Every month, we review the latest BAML survey of global fund managers. Among the various ways of measuring investor sentiment, this is one of the better ones. These managers oversee a combined $700b in assets.
Overall, fund managers are increasingly bullish on risk. In July, they further reduced their exposure to bonds (55% underweight) and increased their exposure to equities. In fact, what is remarkable is that equities corrected 8% over the past two months yet equity exposure increased by 9 percentage points, to 52% overweight. Generally, you don't want to see an increase in bullish sentiment as prices fall; that is the definition of complacency.

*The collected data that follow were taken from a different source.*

text \<open>The exponents of the monomials of a monomial ideal form an upward closed set of
  lattice points. By Dickson's lemma it has a finite set G of minimal elements, so
  NP(I) = conv(G) + R^d_+; in particular NP(I) is closed. A lattice point a lies in t NP(I)
  iff t p \<le> a for some p in conv(G), which only gets easier as t decreases. Truncating a
  at a level c \<ge> r max(conv G) does not affect this for t \<le> r, so only the finitely many
  lattice points of [0, c]^d matter, and by closedness each of them outside r NP(I) stays
  outside t NP(I) for t close to r.\<close>

lemma incseq_subseq_wellorder:
  fixes u :: "nat \<Rightarrow> 'a::wellorder"
  shows "\<exists>h. strict_mono h \<and> incseq (u \<circ> h)"
proof -
  obtain f where f: "strict_mono f" "monoseq (u \<circ> f)"
    using seq_monosub[of u] by (auto simp: o_def)
  show ?thesis
  proof (cases "incseq (u \<circ> f)")
    case True
    with f(1) show ?thesis by blast
  next
    case False
    then have dec: "decseq (u \<circ> f)"
      using f(2) monoseq_iff by blast
    obtain N where N_least: "u (f N) = (LEAST x. x \<in> range (u \<circ> f))"
      using LeastI[of "\<lambda>x. x \<in> range (u \<circ> f)" "u (f 0)"] by auto
    have N: "u (f N) \<le> u (f k)" for k
      unfolding N_least by (rule Least_le) simp
    have const: "u (f (k + N)) = u (f N)" for k
      using dec N by (simp add: decseq_def antisym)
    have "strict_mono (f \<circ> (\<lambda>k. k + N))"
      using f(1) by (simp add: strict_mono_def)
    moreover have "incseq (u \<circ> (f \<circ> (\<lambda>k. k + N)))"
      using const by (simp add: incseq_def)
    ultimately show ?thesis by blast
  qed
qed

lemma good_pair_pointwise:
  fixes f :: "nat \<Rightarrow> 'n::finite \<Rightarrow> 'a::wellorder"
  shows "\<exists>i j. i < j \<and> f i \<le> f j"
proof -
  have "\<exists>h. strict_mono h \<and> (\<forall>x\<in>S. incseq (\<lambda>k. f (h k) x))" if "finite S" for S
    using that
  proof (induction S rule: finite_induct)
    case empty
    have "strict_mono (id :: nat \<Rightarrow> nat)" by (simp add: strict_mono_def)
    then show ?case by blast
  next
    case (insert x S)
    then obtain h where h: "strict_mono h" "\<forall>y\<in>S. incseq (\<lambda>k. f (h k) y)"
      by blast
    obtain h' where h': "strict_mono h'" "incseq (\<lambda>k. f (h (h' k)) x)"
      using incseq_subseq_wellorder[of "\<lambda>k. f (h k) x"] by (auto simp: o_def)
    have "incseq (\<lambda>k. f (h (h' k)) y)" if "y \<in> S" for y
      using h(2) that strict_mono_mono[OF h'(1)] by (simp add: incseq_def monoD)
    then have "strict_mono (h \<circ> h') \<and> (\<forall>y\<in>insert x S. incseq (\<lambda>k. f ((h \<circ> h') k) y))"
      using h(1) h' by (auto simp: strict_mono_def)
    then show ?case by blast
  qed
  from this[of UNIV] obtain h where h: "strict_mono h" "\<And>x. incseq (\<lambda>k. f (h k) x)"
    by auto
  have "h 0 < h 1" "f (h 0) \<le> f (h 1)"
    using h by (auto simp: strict_mono_def incseq_def le_fun_def)
  then show ?thesis by blast
qed

lemma finite_atMost_fun_nat: "finite {..g :: 'n::finite \<Rightarrow> nat}"
proof -
  have "{..g} = Pi\<^sub>E UNIV (\<lambda>i. {..g i})"
    by (auto simp: PiE_UNIV_domain Pi_def le_fun_def)
  then show ?thesis by (simp add: finite_PiE)
qed

lemma dickson_finite_basis:
  fixes E :: "('n::finite \<Rightarrow> nat) set"
  obtains G where "finite G" "G \<subseteq> E" "\<And>e. e \<in> E \<Longrightarrow> \<exists>g\<in>G. g \<le> e"
proof
  define G where "G = {g\<in>E. \<forall>e\<in>E. e \<le> g \<longrightarrow> e = g}"
  show "finite G"
  proof (rule ccontr)
    assume "infinite G"
    then obtain f :: "nat \<Rightarrow> _" where f: "inj f" "range f \<subseteq> G"
      using infinite_countable_subset by blast
    obtain i j where "i < j" "f i \<le> f j"
      using good_pair_pointwise[of f] by blast
    moreover have "f i \<in> E" "f j \<in> G"
      using f(2) by (auto simp: G_def)
    ultimately show False
      using f(1) by (auto simp: G_def inj_eq)
  qed
  show "G \<subseteq> E" by (auto simp: G_def)
  fix e assume "e \<in> E"
  then obtain g where g: "g \<in> E \<inter> {..e}" "\<And>x. x \<in> E \<inter> {..e} \<Longrightarrow> x \<le> g \<Longrightarrow> g = x"
    using finite_has_minimal2[of "E \<inter> {..e}" e] finite_atMost_fun_nat by blast
  then have "g \<in> G"
    by (auto simp: G_def intro: order_trans)
  with g(1) show "\<exists>g\<in>G. g \<le> e" by blast
qed

definition up_closure :: "'a::ord set \<Rightarrow> 'a set" where
  "up_closure P = {y. \<exists>p\<in>P. p \<le> y}"

lemma convex_up_closure:
  fixes P :: "(real^'n) set"
  assumes "convex P"
  shows "convex (up_closure P)"
proof (rule convexI)
  fix x y and u v :: real
  assume "x \<in> up_closure P" "y \<in> up_closure P" "0 \<le> u" "0 \<le> v" "u + v = 1"
  moreover from this obtain px py where "px \<in> P" "px \<le> x" "py \<in> P" "py \<le> y"
    by (auto simp: up_closure_def)
  ultimately have "u *\<^sub>R px + v *\<^sub>R py \<in> P" "u *\<^sub>R px + v *\<^sub>R py \<le> u *\<^sub>R x + v *\<^sub>R y"
    using assms by (auto simp: less_eq_vec_def convexD intro!: add_mono mult_left_mono)
  then show "u *\<^sub>R x + v *\<^sub>R y \<in> up_closure P"
    by (auto simp: up_closure_def)
qed

lemma closed_up_closure:
  fixes P :: "(real^'n) set"
  assumes "compact P"
  shows "closed (up_closure P)"
proof -
  have "up_closure P = (\<Union>x\<in>{x. \<forall>i. 0 \<le> x$i}. \<Union>p\<in>P. {x + p})"
  proof (intro set_eqI iffI)
    fix y assume "y \<in> up_closure P"
    then obtain p where "p \<in> P" "p \<le> y"
      by (auto simp: up_closure_def)
    then show "y \<in> (\<Union>x\<in>{x. \<forall>i. 0 \<le> x$i}. \<Union>p\<in>P. {x + p})"
      by (auto simp: less_eq_vec_def intro!: exI[of _ "y - p"])
  next
    fix y assume "y \<in> (\<Union>x\<in>{x. \<forall>i. 0 \<le> x$i}. \<Union>p\<in>P. {x + p})"
    then obtain x p where "\<forall>i. 0 \<le> x$i" "p \<in> P" "y = x + p"
      by blast
    then show "y \<in> up_closure P"
      by (auto simp: up_closure_def less_eq_vec_def intro!: bexI[of _ p])
  qed
  then show ?thesis
    using closed_compact_sums[OF closed_positive_orthant assms] by simp
qed

lemma scaleR_image_up_closure_iff:
  fixes P :: "(real^'n) set"
  assumes "t > 0"
  shows "v \<in> (\<lambda>y. t *\<^sub>R y) ` up_closure P \<longleftrightarrow> (\<exists>p\<in>P. t *\<^sub>R p \<le> v)"
proof
  assume "v \<in> (\<lambda>y. t *\<^sub>R y) ` up_closure P"
  then show "\<exists>p\<in>P. t *\<^sub>R p \<le> v"
    using assms by (fastforce simp: up_closure_def less_eq_vec_def)
next
  assume "\<exists>p\<in>P. t *\<^sub>R p \<le> v"
  then have "v /\<^sub>R t \<in> up_closure P"
    using assms by (auto simp: up_closure_def less_eq_vec_def field_simps)
  moreover have "v = t *\<^sub>R (v /\<^sub>R t)"
    using assms by simp
  ultimately show "v \<in> (\<lambda>y. t *\<^sub>R y) ` up_closure P" by blast
qed
(* Let $\partial:\mathcal{F}\to C(G)$ be a derivation such that $(\partial f)\circ\varphi=\partial(f\circ\varphi)$ for all $f\in\mathcal F$. Then there exists a unique derivation $\delta_\partial:\mathcal{B}\to B$ such that $\delta_\partial(V)=0$ and $\delta_\partial(M_f)=M_{\partial f}$ for all $f\in\mathcal F$; moreover $\delta_\partial$ is invariant.
   Context: Setup: $G$ is an infinite compact (Hausdorff) abelian group, written additively, and $x_1\in G$ generates a dense cyclic subgroup; $x_n=nx_1$, $\varphi(x)=x+x_1$. $\widehat G$ is the group of continuous characters and $\mathcal{F}$ is their linear span in $C(G)$ (a $\varphi$-stable algebra). Let $H=\ell^2(\mathbb{Z})$ with canonical basis $\{E_l\}$; $VE_l=E_{l+1}$, $M_fE_l=f(x_l)E_l$, $\mathbb{L}E_l=lE_l$. $B=C^*(V,M_f:f\in C(G))$ (isomorphic to the crossed product $C(G)\rtimes_\varphi\mathbb Z$), and $\mathcal{B}$ is the $*$-subalgebra generated by $V,V^{-1},M_\chi$ ($\chi\in\widehat G$). A derivation is a linear map satisfying the Leibniz rule; $\delta:\mathcal B\to B$ is invariant if $e^{-i\theta\mathbb L}\delta(e^{i\theta\mathbb L}be^{-i\theta\mathbb L})e^{i\theta\mathbb L}=\delta(b)$ for all $\theta\in\mathbb R$, $b\in\mathcal B$. *)

theory Defs
  imports "HOL-Analysis.Analysis"
begin

fun natmul :: "nat \<Rightarrow> 'a::ab_group_add \<Rightarrow> 'a" where
  "natmul 0 x = 0"
| "natmul (Suc n) x = x + natmul n x"

definition intmul :: "int \<Rightarrow> 'a::ab_group_add \<Rightarrow> 'a" where
  "intmul n x = (if 0 \<le> n then natmul (nat n) x else - natmul (nat (- n)) x)"

definition CG :: "('g::topological_space \<Rightarrow> complex) set" where
  "CG = {f. continuous_on UNIV f}"

definition characters :: "('g::{topological_ab_group_add} \<Rightarrow> complex) set" where
  "characters = {ch. continuous_on UNIV ch \<and> (\<forall>x. cmod (ch x) = 1)
                      \<and> (\<forall>x y. ch (x + y) = ch x * ch y)}"

definition Fspan :: "('g::{topological_ab_group_add} \<Rightarrow> complex) set" where
  "Fspan = {f. \<exists>S c. finite S \<and> S \<subseteq> characters \<and> f = (\<lambda>x. \<Sum>ch\<in>S. c ch * ch x)}"

definition is_F_derivation :: "(('g::{topological_ab_group_add} \<Rightarrow> complex) \<Rightarrow> ('g \<Rightarrow> complex)) \<Rightarrow> bool" where
  "is_F_derivation d \<longleftrightarrow>
     (\<forall>f\<in>Fspan. d f \<in> CG) \<and>
     (\<forall>f\<in>Fspan. \<forall>g\<in>Fspan. d (\<lambda>x. f x + g x) = (\<lambda>x. d f x + d g x)) \<and>
     (\<forall>f\<in>Fspan. \<forall>c::complex. d (\<lambda>x. c * f x) = (\<lambda>x. c * d f x)) \<and>
     (\<forall>f\<in>Fspan. \<forall>g\<in>Fspan. d (\<lambda>x. f x * g x) = (\<lambda>x. d f x * g x + f x * d g x))"

typedef ell2 = "{v :: int \<Rightarrow> complex. (\<lambda>n. (cmod (v n))\<^sup>2) summable_on UNIV}"
  by (rule exI[of _ "\<lambda>_. 0"]) simp

instantiation ell2 :: "{zero, plus, minus, uminus}"
begin
definition "0 = Abs_ell2 (\<lambda>_. 0)"
definition "x + y = Abs_ell2 (\<lambda>n. Rep_ell2 x n + Rep_ell2 y n)"
definition "x - y = Abs_ell2 (\<lambda>n. Rep_ell2 x n - Rep_ell2 y n)"
definition "- x = Abs_ell2 (\<lambda>n. - Rep_ell2 x n)"
instance ..
end

definition l2scale :: "complex \<Rightarrow> ell2 \<Rightarrow> ell2" where
  "l2scale c x = Abs_ell2 (\<lambda>n. c * Rep_ell2 x n)"

definition l2norm :: "ell2 \<Rightarrow> real" where
  "l2norm x = sqrt (\<Sum>\<^sub>\<infinity>n. (cmod (Rep_ell2 x n))\<^sup>2)"

definition l2inner :: "ell2 \<Rightarrow> ell2 \<Rightarrow> complex" where
  "l2inner x y = (\<Sum>\<^sub>\<infinity>n. cnj (Rep_ell2 x n) * Rep_ell2 y n)"

type_synonym op = "ell2 \<Rightarrow> ell2"

definition bounded_op :: "op \<Rightarrow> bool" where
  "bounded_op T \<longleftrightarrow> (\<forall>x y. T (x + y) = T x + T y) \<and> (\<forall>c x. T (l2scale c x) = l2scale c (T x))
      \<and> (\<exists>K. \<forall>x. l2norm (T x) \<le> K * l2norm x)"

definition opnorm :: "op \<Rightarrow> real" where
  "opnorm T = (SUP x\<in>{x. l2norm x \<le> 1}. l2norm (T x))"

definition op_zero :: op where "op_zero = (\<lambda>x. 0)"
definition op_add :: "op \<Rightarrow> op \<Rightarrow> op" where "op_add S T = (\<lambda>x. S x + T x)"
definition op_diff :: "op \<Rightarrow> op \<Rightarrow> op" where "op_diff S T = (\<lambda>x. S x - T x)"
definition op_scale :: "complex \<Rightarrow> op \<Rightarrow> op" where "op_scale c T = (\<lambda>x. l2scale c (T x))"
definition op_mult :: "op \<Rightarrow> op \<Rightarrow> op" where "op_mult S T = S \<circ> T"

definition op_adj :: "op \<Rightarrow> op" where
  "op_adj T = (THE S. \<forall>x y. l2inner (T x) y = l2inner x (S y))"

inductive_set star_alg :: "op set \<Rightarrow> op set" for S where
  gen: "T \<in> S \<Longrightarrow> T \<in> star_alg S"
| add: "T1 \<in> star_alg S \<Longrightarrow> T2 \<in> star_alg S \<Longrightarrow> op_add T1 T2 \<in> star_alg S"
| scale: "T \<in> star_alg S \<Longrightarrow> op_scale c T \<in> star_alg S"
| mult: "T1 \<in> star_alg S \<Longrightarrow> T2 \<in> star_alg S \<Longrightarrow> op_mult T1 T2 \<in> star_alg S"
| adj: "T \<in> star_alg S \<Longrightarrow> op_adj T \<in> star_alg S"

definition cstar_alg :: "op set \<Rightarrow> op set" where
  "cstar_alg S = {T. bounded_op T \<and> (\<forall>e>0. \<exists>A\<in>star_alg S. opnorm (op_diff T A) < e)}"

text \<open>V E_l = E_(l+1),  V^{-1} E_l = E_(l-1),  M_f E_l = f(x_l) E_l with x_l = l x_1,
  and e^{i theta L} E_l = e^{i theta l} E_l.\<close>
definition Vop :: op where "Vop x = Abs_ell2 (\<lambda>l. Rep_ell2 x (l - 1))"
definition Vinv :: op where "Vinv x = Abs_ell2 (\<lambda>l. Rep_ell2 x (l + 1))"
definition Mop :: "'g::ab_group_add \<Rightarrow> ('g \<Rightarrow> complex) \<Rightarrow> op" where
  "Mop x1 f x = Abs_ell2 (\<lambda>l. f (intmul l x1) * Rep_ell2 x l)"
definition expL :: "real \<Rightarrow> op" where
  "expL \<theta> x = Abs_ell2 (\<lambda>l. exp (\<i> * complex_of_real (\<theta> * real_of_int l)) * Rep_ell2 x l)"

definition Balg :: "'g::topological_ab_group_add \<Rightarrow> op set" where
  "Balg x1 = cstar_alg ({Vop} \<union> {Mop x1 f | f. f \<in> CG})"

definition Bcal :: "'g::topological_ab_group_add \<Rightarrow> op set" where
  "Bcal x1 = star_alg ({Vop, Vinv} \<union> {Mop x1 ch | ch. ch \<in> characters})"

definition is_B_derivation :: "'g::topological_ab_group_add \<Rightarrow> (op \<Rightarrow> op) \<Rightarrow> bool" where
  "is_B_derivation x1 \<delta> \<longleftrightarrow>
     (\<forall>b\<in>Bcal x1. \<delta> b \<in> Balg x1) \<and>
     (\<forall>a\<in>Bcal x1. \<forall>b\<in>Bcal x1. \<delta> (op_add a b) = op_add (\<delta> a) (\<delta> b)) \<and>
     (\<forall>a\<in>Bcal x1. \<forall>c. \<delta> (op_scale c a) = op_scale c (\<delta> a)) \<and>
     (\<forall>a\<in>Bcal x1. \<forall>b\<in>Bcal x1. \<delta> (op_mult a b) = op_add (op_mult (\<delta> a) b) (op_mult a (\<delta> b)))"

definition invariant_der :: "'g::topological_ab_group_add \<Rightarrow> (op \<Rightarrow> op) \<Rightarrow> bool" where
  "invariant_der x1 \<delta> \<longleftrightarrow>
     (\<forall>\<theta>::real. \<forall>b\<in>Bcal x1.
        op_mult (op_mult (expL (-\<theta>)) (\<delta> (op_mult (op_mult (expL \<theta>) b) (expL (-\<theta>))))) (expL \<theta>) = \<delta> b)"

end

theory Submission
  imports Defs
begin

text \<open>Every element of the *-algebra generated by V, V^-1 and the M_chi is a finite sum
  M_{f_1} V^{n_1} + ... + M_{f_k} V^{n_k} with f_i in F, and the derivation is
  M_f V^n \<mapsto> M_{\<partial>f} V^n extended additively.  It is well defined because the coefficient of
  V^n is read off from the matrix entries f(x_k) = <E_k, b E_{k-n}> on the orbit {x_k}, which is
  dense.  The Leibniz rule reduces to monomials, where V^n M_h = M_{h(. - x_n)} V^n and the
  equivariance of \<partial> gives \<partial>(h(. - x_n)) = (\<partial>h)(. - x_n).  A derivation killing V kills
  every V^n, so it is determined by its values on the M_f; and conjugation by e^{i\<theta>L} multiplies
  the coefficient of V^n by the scalar e^{i\<theta>n}, which commutes with \<partial>.\<close>

lemma intmul_0 [simp]: "intmul 0 x = 0"
  by (simp add: intmul_def)

lemma intmul_1 [simp]: "intmul 1 x = x"
  by (simp add: intmul_def)

lemma intmul_succ: "intmul (k + 1) x = x + intmul k x"
proof (cases "0 \<le> k")
  case True
  then have "nat (k + 1) = Suc (nat k)" by simp
  with True show ?thesis by (simp add: intmul_def)
next
  case False
  show ?thesis
  proof (cases "k = -1")
    case False
    with \<open>\<not> 0 \<le> k\<close> have "nat (- k) = Suc (nat (- (k + 1)))" by simp
    with False \<open>\<not> 0 \<le> k\<close> show ?thesis by (simp add: intmul_def algebra_simps)
  qed (simp add: intmul_def)
qed

lemma intmul_add: "intmul (a + b) x = intmul a x + intmul b x"
proof (induction a rule: int_induct[where k = 0])
  case (step1 i)
  then show ?case
    using intmul_succ[of "i + b" x] intmul_succ[of i x] by (simp add: algebra_simps)
next
  case (step2 i)
  then show ?case
    using intmul_succ[of "i - 1 + b" x] intmul_succ[of "i - 1" x] by (simp add: algebra_simps)
qed simp

lemma intmul_minus: "intmul (- a) x = - intmul a x"
  using intmul_add[of a "- a" x] by (simp add: eq_neg_iff_add_eq_0 add.commute)

lemma intmul_diff: "intmul (a - b) x = intmul a x - intmul b x"
  using intmul_add[of a "- b" x] intmul_minus[of b x] by simp

definition square_summable :: "(int \<Rightarrow> complex) \<Rightarrow> bool" where
  "square_summable v \<longleftrightarrow> (\<lambda>n. (cmod (v n))\<^sup>2) summable_on UNIV"

lemma square_summable_Rep_ell2: "square_summable (Rep_ell2 x)"
  using Rep_ell2[of x] by (simp add: square_summable_def)

lemma Rep_ell2_Abs_ell2: "square_summable v \<Longrightarrow> Rep_ell2 (Abs_ell2 v) = v"
  by (simp add: Abs_ell2_inverse square_summable_def)

lemma ell2_eqI: "(\<And>n. Rep_ell2 a n = Rep_ell2 b n) \<Longrightarrow> a = b"
  by (metis Rep_ell2_inject ext)

lemma cmod_add_square_le: "(cmod (a + b))\<^sup>2 \<le> 2 * (cmod a)\<^sup>2 + 2 * (cmod b)\<^sup>2"
proof -
  have "(cmod (a + b))\<^sup>2 \<le> (cmod a + cmod b)\<^sup>2"
    by (simp add: norm_triangle_ineq power_mono)
  also have "\<dots> \<le> 2 * (cmod a)\<^sup>2 + 2 * (cmod b)\<^sup>2"
    using zero_le_power2[of "cmod a - cmod b"] unfolding power2_sum power2_diff by linarith
  finally show ?thesis .
qed

lemma square_summable_add:
  assumes "square_summable u" "square_summable v"
  shows "square_summable (\<lambda>n. u n + v n)"
  unfolding square_summable_def
proof (rule summable_on_comparison_test)
  show "(\<lambda>n. 2 * (cmod (u n))\<^sup>2 + 2 * (cmod (v n))\<^sup>2) summable_on UNIV"
    using assms unfolding square_summable_def by (intro summable_on_add summable_on_cmult_right)
qed (simp_all add: cmod_add_square_le)

lemma square_summable_bounded_mult:
  assumes "square_summable v" "\<And>n. cmod (a n) \<le> C"
  shows "square_summable (\<lambda>n. a n * v n)"
  unfolding square_summable_def
proof (rule summable_on_comparison_test)
  show "(\<lambda>n. C\<^sup>2 * (cmod (v n))\<^sup>2) summable_on UNIV"
    using assms unfolding square_summable_def by (intro summable_on_cmult_right)
  fix n
  have "(cmod (a n))\<^sup>2 \<le> C\<^sup>2"
    using assms(2)[of n] by (simp add: power_mono)
  then show "(cmod (a n * v n))\<^sup>2 \<le> C\<^sup>2 * (cmod (v n))\<^sup>2"
    by (simp add: norm_mult power_mult_distrib mult_right_mono)
qed simp

lemma bij_betw_int_shift: "bij_betw (\<lambda>n::int. n - m) UNIV UNIV"
  by (rule bij_betwI[where g = "\<lambda>n. n + m"]) auto

lemma square_summable_shift: "square_summable v \<Longrightarrow> square_summable (\<lambda>n. v (n - m))"
  using summable_on_reindex_bij_betw[OF bij_betw_int_shift, of "\<lambda>n. (cmod (v n))\<^sup>2" m]
  by (simp add: square_summable_def)

lemma infsum_int_shift: "(\<Sum>\<^sub>\<infinity>n. h (n - m)) = (\<Sum>\<^sub>\<infinity>n::int. h n)"
  using infsum_reindex_bij_betw[OF bij_betw_int_shift, of h m] by simp

lemma Rep_ell2_plus: "Rep_ell2 (a + b) = (\<lambda>n. Rep_ell2 a n + Rep_ell2 b n)"
  by (simp add: plus_ell2_def Rep_ell2_Abs_ell2 square_summable_add square_summable_Rep_ell2)

lemma Rep_ell2_minus: "Rep_ell2 (a - b) = (\<lambda>n. Rep_ell2 a n - Rep_ell2 b n)"
proof -
  have "square_summable (\<lambda>n. Rep_ell2 a n + (-1) * Rep_ell2 b n)"
    by (intro square_summable_add square_summable_bounded_mult[where C = 1]
        square_summable_Rep_ell2) simp
  then show ?thesis by (simp add: minus_ell2_def Rep_ell2_Abs_ell2)
qed

lemma Rep_ell2_zero: "Rep_ell2 0 = (\<lambda>n. 0)"
  by (simp add: zero_ell2_def Rep_ell2_Abs_ell2 square_summable_def)

lemma Rep_ell2_l2scale: "Rep_ell2 (l2scale c a) = (\<lambda>n. c * Rep_ell2 a n)"
  by (simp add: l2scale_def Rep_ell2_Abs_ell2 square_summable_bounded_mult[where C = "cmod c"]
      square_summable_Rep_ell2)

Managers are now overweight the US equities by 29%, an increase of 4 percentage points in the last month. They were 3% underweight the US in January, for comparison. Managers increased Japan to 27% overweight. They are just 3% overweight Europe. Meanwhile, emerging markets are now 18% underweight, the lowest since the survey began in 2001.
You can see from the data that it should be looked at from a contrarian perspective. Fund managers were overweight EEM more than any other market at the start of the year, and it has been the worst performer so far. They are now bearish EEM, so keep it on your radar. In comparison, they were 20% underweight Japan in December and it has been the best equity market by far in 2013. The US is now the largest consensus long.
Survey details are below.
- Cash (4.6%): Cash balances rose to 4.6% from 4.2% in June (vs 3.8% in January and February). Typical range is 3.5-5%. BAML has a 4.5% contrarian buy level but we consider over 5% to be a better signal. The increase in cash reflects the reduction in bond exposure. More on this indicator here.
- Equities (+52%): A net 52% are overweight global equities, a 9 percentage point increase from May (it peaked at 57% in March, the second highest equity exposure since the survey began in April 2001. In comparison, it was 35% in December 2012 when the rally was still young). More on this indicator here and see chart below.
- Bonds (-55%): A net 55% are now underweight bonds, an increase from 38% in May. In June, 81% expected long term rates to rise over the next 12 months, the highest level recorded by the survey since 2004.
- US (+29%): Managers are 29% overweight the US (an increase from 25% in June, 20% in May and April, 14% in March and 3% underweight in January). This is the highest weighting in more than 14 months.
- Japan (+27%): Managers are 27% overweight Japan, an increase from 17% in June. This is now close to the 31% overweight in May, which was the highest since 2006 (vs 20% underweight in December when the Japanese rally began).
- Europe (+3%): Europe was 3% overweight in July, an increase from 8% underweight in May and April but a decline from 6% overweight in June.
- EEM (-18%): EEM had been the most favored region (overweight 43% in February) but this fell to +3% in May, and further to 9% underweight in June and now 18% underweight in July, the lowest since the survey began in 2001. 44% say it has the worst profit outlook of any region in the world. For China in particular, 65% do not expect its growth to strengthen in the next 12 months; for comparison, in December, 67% expected growth to strengthen in the next 12 months.
- Commodities (-26%): Commodities were a record 32% underweight in June (vs 1% underweight in February), but this was reduced to 26% underweight in July. The commodity weighting goes in hand with skepticism over China and EEM.
- Currencies: 83% expect the dollar to rise in value over then next 12 months. This is the largest bullish position on the dollar since the survey began.
- Macro: 52% expect a stronger global economy over the next 12 months, up 4 percentage points since May.
A net 52% of fund managers are overweight global equities, a 9 percentage point increase from May. Over 50% represents a high level of bullishness.